An imperative check looks like this:

result = engine.execute("SELECT COUNT(*) FROM users WHERE user_id IS NULL")
count = result.scalar()
if count > 0:
raise ValueError(f"Found {count} null user_ids")

A declarative expectation looks like this:

validator.expect_column_values_to_not_be_null("user_id")

These look similar on the surface. The difference emerges at scale:

  • The imperative check is opaque - you have to read the SQL to understand what it's testing
  • The declarative expectation self-documents - any engineer reading it immediately understands the contract
  • The imperative check has no metadata - nobody knows when it was written, what table it covers, or whether it's still valid
  • The declarative expectation is tracked in a versioned suite - you can see every expectation, when it was added, and what its configuration is
  • The imperative check fails silently when the column it references no longer exists
  • The declarative expectation surfaces the schema mismatch explicitly

Great Expectations was built to solve this. It provides a language for expressing data contracts - what you expect the data to be - and an execution engine for verifying those contracts against real data, with human-readable reports that non-engineers can understand.


Historical Context

Great Expectations was created by Abe Gong and James Campbell at the data consultancy Superconductive (later renamed Great Expectations) around 2017. The origin story is telling: Gong was working on data pipelines at Jawbone, a health data company, and kept running into the same problem. Data arrived with subtle defects that downstream models amplified into major failures. The defects were hard to catch because nobody had written down what "correct" looked like. When you don't have a specification, you can't verify compliance.

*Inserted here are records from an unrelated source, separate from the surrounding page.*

lemma bisector_eq:
  assumes l: "cmod l < 1"
  shows "bisector l = {z. cmod z < 1 \<and> (cmod (z - l))^2 = (cmod z)^2 * (1 - (cmod l)^2)}"
proof -
  have "pdist z 0 = pdist z l \<longleftrightarrow> (cmod (z - l))^2 = (cmod z)^2 * (1 - (cmod l)^2)"
    if z: "cmod z < 1" for z
  proof -
    define A where "A = cmod (1 - cnj z * l)"
    define N where "N = cmod (z - l)"
    have A2: "A^2 = N^2 + (1 - (cmod z)^2) * (1 - (cmod l)^2)"
      using cmod_one_minus_cnj_mult_power2[of z l] by (simp add: A_def N_def)
    have "1 - (cmod z)^2 > 0" using z by (simp add: abs_square_less_1)
    have "A > 0" using cnj_mult_neq_1[OF z l] by (simp add: A_def)
    have "N \<ge> 0" by (simp add: N_def)
    have "N / A < 1"
      using pseudo_hyperbolic_dist_less_1[OF z l] by (simp add: pseudo_hyperbolic_dist_def A_def N_def)
    then have "pdist z 0 = pdist z l \<longleftrightarrow> cmod z = N / A"
      using artanh_real_inj[of "cmod z" "N / A"] z \<open>A > 0\<close> \<open>N \<ge> 0\<close>
      by (auto simp: pdist_eq_artanh pseudo_hyperbolic_dist_def A_def N_def)
    also have "\<dots> \<longleftrightarrow> cmod z * A = N" using \<open>A > 0\<close> by (auto simp: field_simps)
    also have "\<dots> \<longleftrightarrow> (cmod z)^2 * A^2 = N^2"
      using \<open>A > 0\<close> \<open>N \<ge> 0\<close> by (metis norm_ge_zero power2_eq_iff_nonneg power_mult_distrib
          zero_le_mult_iff less_imp_le)
    also have "\<dots> \<longleftrightarrow> (1 - (cmod z)^2) * (N^2 - (cmod z)^2 * (1 - (cmod l)^2)) = 0"
      unfolding A2 by (auto simp: algebra_simps)
    also have "\<dots> \<longleftrightarrow> N^2 = (cmod z)^2 * (1 - (cmod l)^2)"
      using \<open>1 - (cmod z)^2 > 0\<close> by simp
    finally show ?thesis by (simp add: N_def)
  qed
  then show ?thesis unfolding bisector_def disk_def by auto
qed
lemma first_order_expansion_one_minus_exp:
  assumes "bounded (g ` T)"
  shows "first_order_expansion (at_right 0 \<times>\<^sub>F principal T) fst
           (\<lambda>(u, t). 1 - g t * exp (- (u * r))) (\<lambda>(u, t). 1 - g t) (\<lambda>(u, t). r * g t)"
proof -
  let ?F = "at_right 0 \<times>\<^sub>F principal T"
  have "bounded ((\<lambda>t. - g t) ` T)"
    using assms by (simp add: image_image[symmetric])
  then have "first_order_expansion ?F fst (\<lambda>(u, t). - g t) (\<lambda>(u, t). - g t) (\<lambda>_. 0)"
    by (intro first_order_expansion_const bounded_imp_bigo_1_prod_principal)
  moreover have "first_order_expansion ?F fst (\<lambda>x. exp (- (fst x * r))) (\<lambda>_. 1) (\<lambda>_. - r)"
    using first_order_expansion_compose[OF first_order_expansion_exp filterlim_fst] .
  ultimately have "first_order_expansion ?F fst (\<lambda>x. (case x of (u, t) \<Rightarrow> - g t) * exp (- (fst x * r)))
      (\<lambda>x. (case x of (u, t) \<Rightarrow> - g t) * 1) (\<lambda>x. (case x of (u, t) \<Rightarrow> - g t) * - r + 0 * 1)"
    by (intro first_order_expansion_mult tendsto_fst_at_right_prod)
  with first_order_expansion_const[of "\<lambda>_. 1" ?F fst, OF bigo_const]
  show ?thesis
    by (rule first_order_expansion_cong[OF first_order_expansion_add]) auto
qed

lemma first_order_expansion_prod_one_minus_exp:
  assumes "bounded (g ` T)" "finite K"
  shows "first_order_expansion (at_right 0 \<times>\<^sub>F principal T) fst
           (\<lambda>(u, t). \<Prod>k\<in>K. 1 - g t * exp (- (u * r k))) (\<lambda>(u, t). (1 - g t) ^ card K)
           (\<lambda>(u, t). (\<Sum>k\<in>K. r k) * g t * (1 - g t) ^ (card K - 1))"
proof -
  have "first_order_expansion (at_right 0 \<times>\<^sub>F principal T) fst
      (\<lambda>x. \<Prod>k\<in>K. (\<lambda>(u, t). 1 - g t * exp (- (u * r k))) x) (\<lambda>x. (\<lambda>(u, t). 1 - g t) x ^ card K)
      (\<lambda>x. (\<Sum>k\<in>K. (\<lambda>(u, t). r k * g t) x) * (\<lambda>(u, t). 1 - g t) x ^ (card K - 1))"
    using assms by (intro first_order_expansion_prod tendsto_fst_at_right_prod
        first_order_expansion_one_minus_exp)
  then show ?thesis
    by (rule first_order_expansion_cong) (auto simp: sum_distrib_right)
qed

lemma first_order_expansion_integral:
  fixes f :: "real \<Rightarrow> real \<Rightarrow> real"
  assumes "first_order_expansion (at_right 0 \<times>\<^sub>F principal {l..h}) fst
             (\<lambda>(u, t). f u t) (\<lambda>(u, t). a t) (\<lambda>(u, t). b t)"
    and "l \<le> h" "\<And>u. u > 0 \<Longrightarrow> continuous_on {l..h} (f u)"
    and "continuous_on {l..h} a" "continuous_on {l..h} b"
  shows "first_order_expansion (at_right 0) (\<lambda>u. u) (\<lambda>u. integral {l..h} (f u))
           (\<lambda>_. integral {l..h} a) (\<lambda>_. integral {l..h} b)"
proof -
  obtain C where "eventually (\<lambda>x. norm ((\<lambda>(u, t). f u t) x - (\<lambda>(u, t). a t) x - (\<lambda>(u, t). b t) x * fst x)
      \<le> C * norm (fst x ^ 2)) (at_right 0 \<times>\<^sub>F principal {l..h})"
    using assms(1) unfolding first_order_expansion_def bigo_def by auto
  then have "eventually (\<lambda>u. \<forall>t\<in>{l..h}. \<bar>f u t - a t - b t * u\<bar> \<le> C * u ^ 2) (at_right 0)"
    unfolding eventually_prod_principal_iff by simp
  then have "eventually (\<lambda>u. u > 0 \<and> (\<forall>t\<in>{l..h}. \<bar>f u t - a t - b t * u\<bar> \<le> C * u ^ 2)) (at_right 0)"
    by (intro eventually_conj eventually_at_right_less)
  then have "eventually (\<lambda>u. norm (integral {l..h} (f u) - integral {l..h} a - integral {l..h} b * u)
      \<le> C * (h - l) * norm (u ^ 2)) (at_right 0)"
  proof eventually_elim
    case (elim u)
    have "norm (integral {l..h} (\<lambda>t. f u t - a t - b t * u)) \<le> C * u ^ 2 * (h - l)"
      using elim assms(2-5) by (intro integral_bound continuous_intros) auto
    moreover have "integral {l..h} (\<lambda>t. f u t - a t - b t * u) =
        integral {l..h} (f u) - integral {l..h} a - integral {l..h} b * u"
      using elim assms(3-5)
      by (intro integral_unique has_integral_diff has_integral_mult_left integrable_integral
          integrable_continuous_interval) auto
    ultimately show ?case
      by (simp add: mult_ac)
  qed
  then show ?thesis
    unfolding first_order_expansion_def by (intro conjI bigo_const bigoI)
qed

lemma gauss_sum_real: "(\<Sum>k=1..n. real k) = real n * (real n + 1) / 2"
  by (induction n) (simp_all add: field_simps)

lemma sum_shifted_gauss_real: "(\<Sum>k=1..n. x - real n + real k) = real n * (2 * x - real n + 1) / 2"
proof -
  have "(\<Sum>k=1..n. x - real n + real k) = real n * (x - real n) + (\<Sum>k=1..n. real k)"
    by (simp add: sum.distrib)
  also have "\<dots> = real n * (2 * x - real n + 1) / 2"
    unfolding gauss_sum_real by (simp add: field_simps)
  finally show ?thesis .
qed

(* The q-factorial at q = exp (-u), divided by its limiting behaviour u^m m! as u \<rightarrow> 0+. *)
definition qfact_ratio :: "nat \<Rightarrow> real \<Rightarrow> real" where
  "qfact_ratio m u = (\<Prod>k=1..m. (1 - exp (- (u * real k))) / (u * real k))"

lemma qfact_exp_eq:
  assumes "u > 0"
  shows "(\<Prod>k=1..m. 1 - exp (- u) ^ k) = u ^ m * fact m * qfact_ratio m u"
proof -
  have "(\<Prod>k=1..m. 1 - exp (- u) ^ k) =
      (\<Prod>k=1..m. (u * real k) * ((1 - exp (- (u * real k))) / (u * real k)))"
    using assms by (intro prod.cong) (auto simp: exp_of_nat_mult[symmetric] mult.commute)
  also have "\<dots> = (\<Prod>k=1..m. u * real k) * qfact_ratio m u"
    by (simp only: prod.distrib qfact_ratio_def)
  also have "(\<Prod>k=1..m. u * real k) = u ^ m * fact m"
    by (simp add: prod.distrib fact_prod)
  finally show ?thesis .
qed

lemma qbinom_exp_eq:
  assumes "u > 0"
  shows "qbinom (exp (- u)) x m =
           (\<Prod>k=1..m. 1 - exp (- (u * (x - real m + real k)))) / (u ^ m * fact m * qfact_ratio m u)"
  using assms by (simp add: qbinom_def prod_dividef qfact_exp_eq[symmetric] exp_powr_real)

lemma first_order_expansion_qfact_ratio:
  "first_order_expansion (at_right 0) (\<lambda>u. u) (qfact_ratio m) (\<lambda>_. 1) (\<lambda>_. - (real m * (real m + 1) / 4))"
proof -
  have "first_order_expansion (at_right 0) (\<lambda>u. u)
      (\<lambda>u. \<Prod>k=1..m. (1 - exp (- (u * real k))) / (u * real k))
      (\<lambda>_. 1 ^ card {1..m}) (\<lambda>_. (\<Sum>k=1..m. - real k / 2) * 1 ^ (card {1..m} - 1))"
    by (intro first_order_expansion_prod first_order_expansion_exp_quotient tendsto_ident_at) auto
  moreover have "(\<Sum>k=1..m. - real k / 2) = - (real m * (real m + 1) / 4)"
    unfolding sum_negf sum_divide_distrib[symmetric] gauss_sum_real by simp
  ultimately show ?thesis
    by (simp add: qfact_ratio_def[abs_def])
qed

context
  fixes lam c :: real and d p i :: nat
begin

(* With u = lam / N, q = exp (-u) and s = exp (-lam) = q^N, this is f_i^(c,d)(N t) without its
   q-factorial denominators. *)
definition fcd_numerator :: "real \<Rightarrow> real \<Rightarrow> real" where
  "fcd_numerator u t =
     exp (- lam) powr (c * real (p - i) + real p * t) * exp (- (u * (real d * real (p - i)))) *
     (\<Prod>k=1..i. 1 - exp (- lam) powr (c + t) * exp (- (u * (real d - real i + real k)))) *
     (\<Prod>k=1..p - i. 1 - exp (- lam) powr t * exp (- (u * real k)))"
lemma component_rel:
  assumes "s \<in> B" "p \<in> x s" "q \<in> x s"
  shows "p \<in> F.cset (Go s) \<and> F.crel p q"
proof -
  obtain r where r: "r \<in> F.cset (Go s)" "x s = F.ccls (Go s) r"
    using component_is_class[OF assms(1)] by blast
  then have p: "p \<in> F.cset (Go s)" "F.crel p r" and q: "q \<in> F.cset (Go s)" "F.crel q r"
    using assms(2,3) F.mem_colim_class_iff by auto
  then show ?thesis using F.colim_rel_trans[OF p(1) r(1) q(1) p(2) F.colim_rel_sym[OF q(2)]] by simp
qed

lemma component_eq_class:
  assumes "s \<in> B" "p \<in> x s"
  shows "x s = F.ccls (Go s) p"
proof -
  obtain r where r: "r \<in> F.cset (Go s)" "x s = F.ccls (Go s) r"
    using component_is_class[OF assms(1)] by blast
  then have "p \<in> F.cset (Go s)" "F.crel p r" using assms(2) F.mem_colim_class_iff by auto
  then show ?thesis using F.colim_class_eq r by simp
qed

lemma component_restrict:
  assumes "b \<in> B" "b' \<in> B" "leB b' b" "(t, f) \<in> x b"
  shows "(t, Comp C (Gm b b') f) \<in> x b'"
proof -
  have "(t, f) \<in> F.cset (Go b)" using component_rel assms(1,4) by blast
  then have "(t, Comp C (Gm b b') f) \<in> F.cset (Go b')"
    using cat_comp_hom[OF category _ G.map_hom[OF assms(1-3)]] unfolding colim_set_def by auto
  then have "(t, Comp C (Gm b b') f) \<in> colim_post C A leA Fo Fm (Go b') (Gm b b') (x b)"
    using F.colim_class_self assms(4) unfolding colim_post_def by fastforce
  moreover have "x b' = colim_post C A leA Fo Fm (Go b') (Gm b b') (x b)"
    using morphism assms(1-3) unfolding pro_hom_def by blast
  ultimately show ?thesis by simp
qed

lemma component_move_index:
  assumes "b \<in> B" "(t, f) \<in> x b" "U \<in> A" "leA t U"
  shows "(U, Comp C f (Fm U t)) \<in> x b"
proof -
  have tf: "(t, f) \<in> F.cset (Go b)" using component_rel assms(1,2) by blast
  then have "(U, Comp C f (Fm U t)) \<in> F.cset (Go b)"
    using cat_comp_hom[OF category F.map_hom[OF assms(3) _ assms(4)]] assms(3)
    unfolding colim_set_def by auto
  moreover have "F.crel (U, Comp C f (Fm U t)) (t, f)" using F.colim_rel_restrict[OF tf assms(3,4)] .
  ultimately show ?thesis
    using component_eq_class[OF assms(1,2)] F.mem_colim_class_iff by simp
qed

lemma component_restrict_eventually_eq:
  assumes "b \<in> B" "b' \<in> B" "leB b' b" "(t, f) \<in> x b" "q \<in> x b'"
  shows "\<exists>w\<in>A. \<forall>U\<in>A. leA w U \<longrightarrow>
           Comp C (snd q) (Fm U (fst q)) = Comp C (Comp C (Gm b b') f) (Fm U t)"
proof -
  have restr: "(t, Comp C (Gm b b') f) \<in> x b'" using component_restrict[OF assms(1-4)] .
  have "q \<in> F.cset (Go b')" "F.crel q (t, Comp C (Gm b b') f)"
    using component_rel[OF assms(2,5) restr] by blast+
  moreover have "(t, Comp C (Gm b b') f) \<in> F.cset (Go b')"
    using component_rel[OF assms(2) restr restr] by blast
  ultimately show ?thesis
    using F.colim_rel_eventually_eq[of q "Go b'" "(t, Comp C (Gm b b') f)"] by simp
qed

lemma finite_strictly_below: "b \<in> B \<Longrightarrow> finite {b'\<in>B. strict leB b' b}"
  using finite_subset[of "{b'\<in>B. strict leB b' b}" "{u\<in>B. leB u b}"] target
  unfolding strict_def probar_obj_def cofinite_poset_def by blast
definition norm_thr_clf :: "'x dataset \<Rightarrow> (nat \<Rightarrow> 'x \<Rightarrow> nat) \<Rightarrow> nat \<Rightarrow> real \<Rightarrow> (real \<Rightarrow> real)" where
  "norm_thr_clf D c a \<tau> = (SOME h. \<exists>t p. t \<in> (\<lambda>i. score D c (xs_of D i) a) ` grp D a
       \<and> 0 \<le> p \<and> p \<le> 1 \<and> h = thr_clf t p \<and> pos_rate D c a h = 1 - \<tau>)"

definition pp_clf :: "'x dataset \<Rightarrow> (nat \<Rightarrow> 'x \<Rightarrow> nat) \<Rightarrow> real \<times> real \<Rightarrow> 'x \<Rightarrow> nat \<Rightarrow> real" where
  "pp_clf D c \<tau> x a = norm_thr_clf D c a (if a = 1 then fst \<tau> else snd \<tau>) (score D c x a)"

definition pred_at :: "'x dataset \<Rightarrow> (nat \<Rightarrow> 'x \<Rightarrow> nat) \<Rightarrow> real \<times> real \<Rightarrow> nat \<Rightarrow> real" where
  "pred_at D c \<tau> i = pp_clf D c \<tau> (xs_of D i) (as_of D i)"

definition mis_loss :: "'x dataset \<Rightarrow> (nat \<Rightarrow> 'x \<Rightarrow> nat) \<Rightarrow> real \<times> real \<Rightarrow> real" where
  "mis_loss D c \<tau> = (\<Sum>i<length D. if ys_of D i = 1 then 1 - pred_at D c \<tau> i else pred_at D c \<tau> i)
                    / real (length D)"

datatype bias_kind = DemParity | EqOpp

The project went open-source in 2017 and grew rapidly because it addressed a universal pain point. The 1.0 release in 2023 brought a significantly redesigned API (the "fluent" API), breaking some backward compatibility with earlier versions but providing a cleaner, more Pythonic interface. The ecosystem grew to include connectors for Pandas, Spark, SQLAlchemy, Snowflake, BigQuery, Redshift, and most major data storage systems.

The core insight that makes Great Expectations powerful is treating expectations as data. A GX expectation is not a Python function - it is a JSON-serializable object with a type, parameters, and metadata. This means suites can be stored in version control, diffed across time, compared between environments, and rendered into documentation automatically. The expectation becomes the specification, and the specification becomes the test.


Core Concepts

Understanding Great Expectations requires understanding six concepts and how they compose:

Expectation: A single assertion about data. "Column user_id should never be null." "Column age should have values between 0 and 120." Each expectation has a type (like expect_column_values_to_not_be_null) and parameters (like which column, what thresholds). Expectations are serializable - they can be written to a JSON file and reloaded later.

ExpectationSuite: A named collection of expectations. Think of it as a test suite in unit testing. A suite called user_features_suite might contain twenty expectations covering all the quality contracts for the user features table. Suites are stored as JSON files.

Validator: The bridge between your data and your expectations. A Validator wraps a dataset (a Pandas DataFrame, a Spark DataFrame, a database table) and provides methods to run expectations against it. You call validator.expect_column_to_exist("user_id") and the Validator runs the check and records the result.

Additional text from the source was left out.